Военная обстановка тем временем оставалась напряженной. За восемь лет Римская империя уступила две трети своей территории и три четверти ресурсов, а оставшуюся часть обороняла от богатого и активного врага. Чтобы выстоять, нужно было меняться, и она менялась. (С этого момента, чтобы обозначить рубеж, я буду использовать название, которым нарекли все еще римскую империю историки, – Византия, от первоначального названия Константинополя, Византий. В интересующий нас период византийцами называли только жителей столицы[75].) Для этого империи пришлось организовать оборону гораздо дальше Центральной Анатолии, за Таврскими горами, наискось пересекающими нынешнюю Турцию, создав военные округа (фемы) в Западной Анатолии, где войска кормились с земли, на которую были посажены в качестве компенсации за урезанное жалованье. Оно выплачивалось по-прежнему, но к тому времени почти полностью натурой, поскольку монетная система в центральных областях империи – на Эгейском море и в Анатолии – была на грани развала. Угроза сопротивления, которое способны были оказать эти войска, свела на нет продолжавшиеся целый век арабские набеги на скудных землях Анатолийского плоскогорья. Исключение составляли единичные организованные атаки, которых, впрочем, Константинополь мог не бояться, поскольку был надежно защищен с запада, а с востока его оберегал от любых нападений, кроме морских, пролив Босфор. Последним крупным посягательством была великая осада Константинополя арабами с моря и суши в 717–718 годах: о походе было известно заблаговременно, и византийцы успели подготовиться, поэтому осада, как и в 626 году, закончилась неудачей[76].

Таким образом, худшие времена для империи остались позади. Поразительно и примечательно, что она выстояла под всеми этими ударами, когда Западная Римская империя двумя столетиями раньше не вынесла гораздо более слабой, по военным меркам, угрозы. Дело не в крепкой руке; военное и политическое руководство было очень неуверенным и шатким и в 640-х, и в 660-х годах, и в десятилетие после смерти Константина IV. Отчасти это объяснялось тем, что организационная инфраструктура империи, сложившаяся в тучные годы начала VI века, оказалась достаточно прочной и в то же время способной на стремительную адаптацию (чиновничий аппарат VIII века, уже полностью грекоязычный не в пример Юстиниановым временам, структурно очень сильно отличался от аппарата VI столетия). Земельная аристократия, порядком обедневшая, утратила статус, растворившись в государственной иерархии, и до IX века знатные семейства фактически перестали упоминаться в источниках[77]. Однако основная причина заключалась в том, что скорость и размах катастрофы просто не дали ей отразиться на местном укладе, как это часто бывало на Западе. Не было относительно мирных периодов, за время которых местные военачальники или население провинций с византийской стороны границы могли привыкнуть к арабским соседям, как западные римляне привыкали к германским племенам. Все знали, что альтернативой радикальным мерам будет поражение. Однако важно также, что среди этих радикальных мер не было отказа от земельного налога и, как следствие, окончательного оседания армии на земле. Налоговая система Римской империи уцелела, хоть и в упрощенной форме. При этом в некоторых частях империи – в Константинополе и ближайших окрестностях, а также на Сицилии – она функционировала почти так же, как прежде, на основе монетной системы. Этого оказалось достаточно, чтобы найти опору и возродиться, когда положение дел в империи улучшилось.

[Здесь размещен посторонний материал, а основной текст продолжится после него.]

lemma countable_closed_misses_subinterval:
  fixes K :: "real set"
  assumes "countable K" "closed K" "p < q"
  shows "\<exists>s t. p < s \<and> s < t \<and> t < q \<and> {s<..<t} \<inter> K = {}"
proof -
  have "\<not> {p<..<q} \<subseteq> K"
    using assms uncountable_open_interval countable_subset by blast
  then obtain z where z: "z \<in> {p<..<q}" "z \<notin> K" by blast
  obtain e where e: "e > 0" "ball z e \<subseteq> - K"
    using open_contains_ball assms(2) z(2) by (metis ComplI open_Compl)
  define d where "d = min e (min (z - p) (q - z)) / 2"
  have "d \<le> e / 2" "d \<le> (z - p) / 2" "d \<le> (q - z) / 2" "0 < d"
    using e z unfolding d_def by auto
  then have d: "0 < d" "d < e" "p < z - d" "z + d < q" using e z by auto
  have "{z - d<..<z + d} \<subseteq> ball z e" using d by (auto simp: dist_real_def)
  then have "{z - d<..<z + d} \<inter> K = {}" using e by blast
  with d show ?thesis by (intro exI[of _ "z - d"] exI[of _ "z + d"]) auto
qed

definition free_interval :: "real set \<Rightarrow> real \<Rightarrow> real \<Rightarrow> real \<times> real" where
  "free_interval K p q = (SOME (s, t). p < s \<and> s < t \<and> t < q \<and> {s<..<t} \<inter> K = {})"

definition gap_stretch :: "real set \<Rightarrow> real \<Rightarrow> real \<Rightarrow> real \<Rightarrow> real \<Rightarrow> real" where
  "gap_stretch K \<epsilon> p q = (case free_interval K p q of (s, t) \<Rightarrow>
     let e = min ((q - p) / 3) \<epsilon> in piecewise_linear p q s t (p + e) (q - e))"

context
  fixes K :: "real set" and \<epsilon> p q :: real
  assumes K: "countable K" "closed K" and \<epsilon>: "0 < \<epsilon>" and pq: "p < q"
begin

lemma gap_stretch_as_piecewise_linear:
  obtains s t e where "p < s" "s < t" "t < q" "p < p + e" "p + e < q - e" "q - e < q"
    "{s<..<t} \<inter> K = {}" "e \<le> \<epsilon>" "gap_stretch K \<epsilon> p q = piecewise_linear p q s t (p + e) (q - e)"
proof -
  have "(\<lambda>(s, t). p < s \<and> s < t \<and> t < q \<and> {s<..<t} \<inter> K = {}) (free_interval K p q)"
    unfolding free_interval_def
    by (rule someI_ex) (use countable_closed_misses_subinterval[OF K pq] in auto)
  then obtain s t where "free_interval K p q = (s, t)"
    "p < s" "s < t" "t < q" "{s<..<t} \<inter> K = {}"
    by (cases "free_interval K p q") auto
  moreover define e where "e = min ((q - p) / 3) \<epsilon>"
  moreover have "0 < e" using \<epsilon> pq unfolding e_def by simp
  moreover have "e \<le> (q - p) / 3" "e \<le> \<epsilon>"
    unfolding e_def by (rule min.cobounded1, rule min.cobounded2)
  ultimately show ?thesis
    using that[of s t e] pq by (simp add: gap_stretch_def Let_def)
qed

lemma gap_stretch_strict_mono: "strict_mono (gap_stretch K \<epsilon> p q)"
proof (rule gap_stretch_as_piecewise_linear)
  fix s t e assume knots: "p < s" "s < t" "t < q" "p < p + e" "p + e < q - e" "q - e < q"
    and eq: "gap_stretch K \<epsilon> p q = piecewise_linear p q s t (p + e) (q - e)"
  show ?thesis unfolding eq by (rule piecewise_linear_strict_mono[OF knots])
qed
lemma abs_cos_diff_le: "\<bar>cos a - cos b\<bar> \<le> \<bar>a - b\<bar>" for a b :: real
proof -
  have "\<bar>cos a - cos b\<bar> = 2 * \<bar>sin ((a + b) / 2)\<bar> * \<bar>sin ((b - a) / 2)\<bar>"
    by (simp add: cos_diff_cos abs_mult)
  also have "\<dots> \<le> 2 * 1 * \<bar>(b - a) / 2\<bar>"
    by (intro mult_mono abs_sin_x_le_abs_x) auto
  finally show ?thesis by simp
qed

lemma asymp_cos_lb_move: "asymp_cos_lb xs y t \<Longrightarrow> asymp_cos_lb xs u (t - dist y u)"
  unfolding asymp_cos_lb_def
proof (erule eventually_mono)
  fix n assume "t \<le> cos (dist (xs n) y)"
  moreover have "\<bar>cos (dist (xs n) y) - cos (dist (xs n) u)\<bar> \<le> \<bar>dist (xs n) y - dist (xs n) u\<bar>"
    by (rule abs_cos_diff_le)
  moreover have "\<bar>dist (xs n) y - dist (xs n) u\<bar> \<le> dist y u"
    by (metis abs_dist_diff_le dist_commute)
  ultimately show "t - dist y u \<le> cos (dist (xs n) u)" by linarith
qed

lemma asymp_cos_lb_pair_le:
  assumes cat: "CAT1 X" and adm: "admissible X" and xs: "\<And>n. xs n \<in> X" and yz: "y \<in> X" "z \<in> X"
    and lb: "asymp_cos_lb xs y t1" "asymp_cos_lb xs z t2"
  shows "(t1 + t2) / 2 \<le> asymp_cos_radius X xs * cos (dist y z / 2)"
proof -
  define k where "k = cos (dist y z / 2)"
  have k: "0 < k" using admissible_cos_dist_pos(2)[OF adm yz] unfolding k_def .
  obtain m where mX: "m \<in> X" and m: "\<forall>p\<in>X. cos (dist p y) + cos (dist p z) \<le> 2 * k * cos (dist p m)"
    using CAT1_midpoint_cos_ineq[OF cat adm yz] unfolding k_def by blast
  have "asymp_cos_lb xs m ((t1 + t2) / (2 * k))"
    using eventually_conj[OF lb[unfolded asymp_cos_lb_def]] unfolding asymp_cos_lb_def
  proof (rule eventually_mono)
    fix n assume "t1 \<le> cos (dist (xs n) y) \<and> t2 \<le> cos (dist (xs n) z)"
    moreover have "cos (dist (xs n) y) + cos (dist (xs n) z) \<le> 2 * k * cos (dist (xs n) m)"
      using m xs by blast
    ultimately have "t1 + t2 \<le> 2 * k * cos (dist (xs n) m)" by linarith
    then show "(t1 + t2) / (2 * k) \<le> cos (dist (xs n) m)" using k by (simp add: divide_le_eq mult.commute)
  qed
  then have "(t1 + t2) / (2 * k) \<le> asymp_cos_radius X xs" by (rule asymp_cos_radius_ge[OF mX])
  then show ?thesis using k unfolding k_def by (simp add: divide_le_eq mult.commute)
qed

lemma asymp_cos_lb_Cauchy:
  assumes cat: "CAT1 X" and adm: "admissible X" and xs: "\<And>n. xs n \<in> X"
    and pos: "0 < asymp_cos_radius X xs" and Y: "\<And>k. Y k \<in> X"
    and lb: "\<And>k m. k \<le> m \<Longrightarrow> asymp_cos_lb xs (Y m) (asymp_cos_radius X xs - 1 / Suc k)"
  shows "Cauchy Y"
  unfolding Cauchy_def
proof (intro allI impI)
  fix e :: real assume "0 < e"
  define s where "s = asymp_cos_radius X xs"
  define e' where "e' = min e (pi/2)"
  have e': "0 < e'" "e' \<le> e" "e' \<le> pi/2" using \<open>0 < e\<close> by (auto simp: e'_def)
  have "cos (e'/2) < cos 0" using e' pi_gt_zero by (intro cos_monotone_0_pi) linarith+
  then have "0 < (1 - cos (e'/2)) * s" using pos unfolding s_def by simp
  then obtain K where K: "inverse (real (Suc K)) < (1 - cos (e'/2)) * s"
    using reals_Archimedean by blast
  show "\<exists>M. \<forall>m\<ge>M. \<forall>n\<ge>M. dist (Y m) (Y n) < e"
  proof (intro exI allI impI)
    fix m n assume "K \<le> m" "K \<le> n"
    then have "s - 1 / Suc K \<le> s * cos (dist (Y m) (Y n) / 2)"
      using asymp_cos_lb_pair_le[OF cat adm xs Y Y lb[of K m] lb[of K n]] unfolding s_def by simp
    then have "s * cos (e'/2) < s * cos (dist (Y m) (Y n) / 2)"
      using K by (simp add: inverse_eq_divide algebra_simps)
    then have "cos (e'/2) < cos (dist (Y m) (Y n) / 2)" using pos unfolding s_def by simp
    then have "dist (Y m) (Y n) / 2 < e'/2"
      using admissible_dist_less[OF adm Y Y, of m n] e' pi_gt_zero zero_le_dist[of "Y m" "Y n"]
      by (subst (asm) cos_mono_less_eq) linarith+
    then show "dist (Y m) (Y n) < e" using e' by linarith
  qed
qed
lemma reduces_between_reducts:
  assumes wf: "wf_graph E" and xy: "reduces E x y" and xz: "reduces E x z"
    and shorter: "length (path_edges (fst z)) \<le> length (path_edges (fst y))"
  shows "reduces E y z"
proof -
  obtain wy wz where
    wy: "path_edges (fst x) = path_edges (fst y) @ wy" "path_edges (snd x) = path_edges (snd y) @ wy" and
    wz: "path_edges (fst x) = path_edges (fst z) @ wz" "path_edges (snd x) = path_edges (snd z) @ wz"
    using xy xz unfolding reduces_iff_common_suffix[OF wf] by blast
  have fst_eq: "path_edges (fst y) @ wy = path_edges (fst z) @ wz"
    and snd_eq: "path_edges (snd y) @ wy = path_edges (snd z) @ wz"
    using wy wz by simp_all
  have "length wy \<le> length wz"
    using arg_cong[where f=length, OF fst_eq] shorter by simp
  then obtain u u' where
    u: "path_edges (fst y) = path_edges (fst z) @ u" "wz = u @ wy" and
    u': "path_edges (snd y) = path_edges (snd z) @ u'" "wz = u' @ wy"
    using append_eq_append_suffix[OF fst_eq] append_eq_append_suffix[OF snd_eq] by blast
  have "u' = u"
    using u(2) u'(2) by simp
  then show ?thesis
    using xy xz u u' unfolding reduces_iff_common_suffix[OF wf] by auto
qed

lemma reduces_linear: "wf_graph E \<Longrightarrow> reduces E x y \<Longrightarrow> reduces E x z \<Longrightarrow> reduces E y z \<or> reduces E z y"
  by (meson nat_le_linear reduces_between_reducts)

lemma irreducible_reduct_unique:
  "wf_graph E \<Longrightarrow> reduces E x z \<Longrightarrow> reduces E x z' \<Longrightarrow> irreducible E z \<Longrightarrow> irreducible E z' \<Longrightarrow> z = z'"
  using reduces_linear unfolding irreducible_def by metis

lemma ex_irreducible_reduct:
  assumes "wf_graph E" "x \<in> GE E"
  shows "\<exists>z. irreducible E z \<and> reduces E x z"
  using assms(2)
proof (induction "length (path_edges (fst x))" arbitrary: x rule: less_induct)
  case less
  show ?case
  proof (cases "irreducible E x")
    case True
    then show ?thesis
      using reduces_refl assms(1) less.prems by blast
  next
    case False
    then obtain y where "reduces E x y" "y \<noteq> x"
      using less.prems unfolding irreducible_def by blast
    moreover from this obtain z where "irreducible E z" "reduces E y z"
      using less.hyps reduces_length_less reduces_imp_GE assms(1) by metis
    ultimately show ?thesis
      using reduces_trans assms(1) by blast
  qed
qed

lemma comparable_iff_common_reduct: "comparable E x y \<longleftrightarrow> (\<exists>z. reduces E x z \<and> reduces E y z)"
  unfolding comparable_def reduces_def by fastforce

lemma comparable_iff_common_irreducible_reduct:
  "wf_graph E \<Longrightarrow> comparable E x y \<longleftrightarrow> (\<exists>z. irreducible E z \<and> reduces E x z \<and> reduces E y z)"
  unfolding comparable_iff_common_reduct
  by (meson ex_irreducible_reduct reduces_imp_GE reduces_trans irreducible_def)

lemma equiv_comparable_rel:
  assumes wf: "wf_graph E"
  shows "equiv (GE E) (comparable_rel E)"
proof (rule equivI)
  show "comparable_rel E \<subseteq> GE E \<times> GE E"
    by (auto simp: comparable_rel_def)
  show "refl_on (GE E) (comparable_rel E)"
    by (auto simp: refl_on_def comparable_rel_def comparable_iff_common_reduct intro: reduces_refl[OF wf])
  show "sym (comparable_rel E)"
    by (auto simp: sym_def comparable_rel_def comparable_iff_common_reduct)
  show "trans (comparable_rel E)"
    unfolding trans_def comparable_rel_def comparable_iff_common_irreducible_reduct[OF wf]
    using irreducible_reduct_unique[OF wf] by blast
qed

К 700 году Византийская империя сильно отличалась от империи образца 600 года. Центр тяжести к этому времени сместился на запад, политическое «сердце» теперь находилось на Эгейском море, к которому имел выход Константинополь. Последний хоть и сократился в размерах (остальное государство его больше не кормило), по-прежнему был крупным и экономически активным городом. В кризисные годы северный рубеж обороны истощился полностью и Балканский полуостров постоянно осаждали склавинские племена, часть из которых добралась до нынешней южной Греции. Подлинное владычество Византии ограничивалось восточной кромкой греческого побережья и несколькими отдельными городами на западной стороне и на Адриатике, защищенными с моря. В 680–681 годах сеть мелких склавинских поселений и византийских анклавов на Балканах была разорвана появлением новых тюркских кочевников – булгар, которые после 626 года взбунтовались против аваров. Византийцы (после поражения) готовы были принять их в лоно империи, чтобы перестало лихорадить хотя бы часть Балкан, и кочевники, осев в северной части нынешней Болгарии, в конце концов вывели ее из-под номинального византийского господства. Экономика Греции и Западной Анатолии значительно упростилась, большинство городов – за исключением крепостей – были заброшены, однако не все, и какой-то уровень товарообмена на побережье Эгейского моря сохранялся[78].

В результате главенствующее положение обретали западные области империи – ось Равенна – Рим – Неаполь, а также Сицилия и север Африки. Все они, за исключением Северной Африки, были меньше подвержены арабской угрозе. И действительно, к 700 году Сицилия стала богатейшей из провинций империи. (Африка в 690-х полностью отошла завоевателям.) Товарообмен на берегах Италии не уступал эгейскому – хоть и менее сложный и разнообразный, чем при Юстиниане, он по-прежнему был активным[79]. Поэтому не так уж удивительно, что Констант II (641–668) решил под конец своего царствования перенести столицу в Сиракузы, главный город Сицилии, хотя другим крупным политическим игрокам это показалось слишком радикальным и вскоре император был убит. Рим тоже долгое время сохранял связи с Востоком. Папа, еще не ставший официальным правителем города, но уже обладавший большой властью, по-прежнему был главой имперской Церкви, и с его взглядами приходилось считаться в религиозных диспутах. Кроме того, он владел обширными землями в южной Италии и на Сицилии, поэтому не испытывал недостатка в ресурсах. Авторитет папы у императоров этого периода действительно вырос. Если Григорий Великий, на современный взгляд самый выдающийся папа раннего Средневековья, крупный богослов и активный политический деятель, не был влиятельной фигурой в Константинополе при Маврикии, то Мартин I много значил для Константа II (к несчастью для него). Голос Рима был учтен и когда Константин IV отказывался от монофелитства, и с тех пор папы более полувека были преимущественно грекоязычными – притом что в городе было много южноитальянских и восточных священников[80]. Таким образом, Византийская империя теперь была ориентирована по оси Константинополь – Сицилия, а не Константинополь – Египет, как в VI веке. Соответственно владычество над Северным морским путем через Средиземноморье византийцы обороняли от посягательств арабов как можно тщательнее[81].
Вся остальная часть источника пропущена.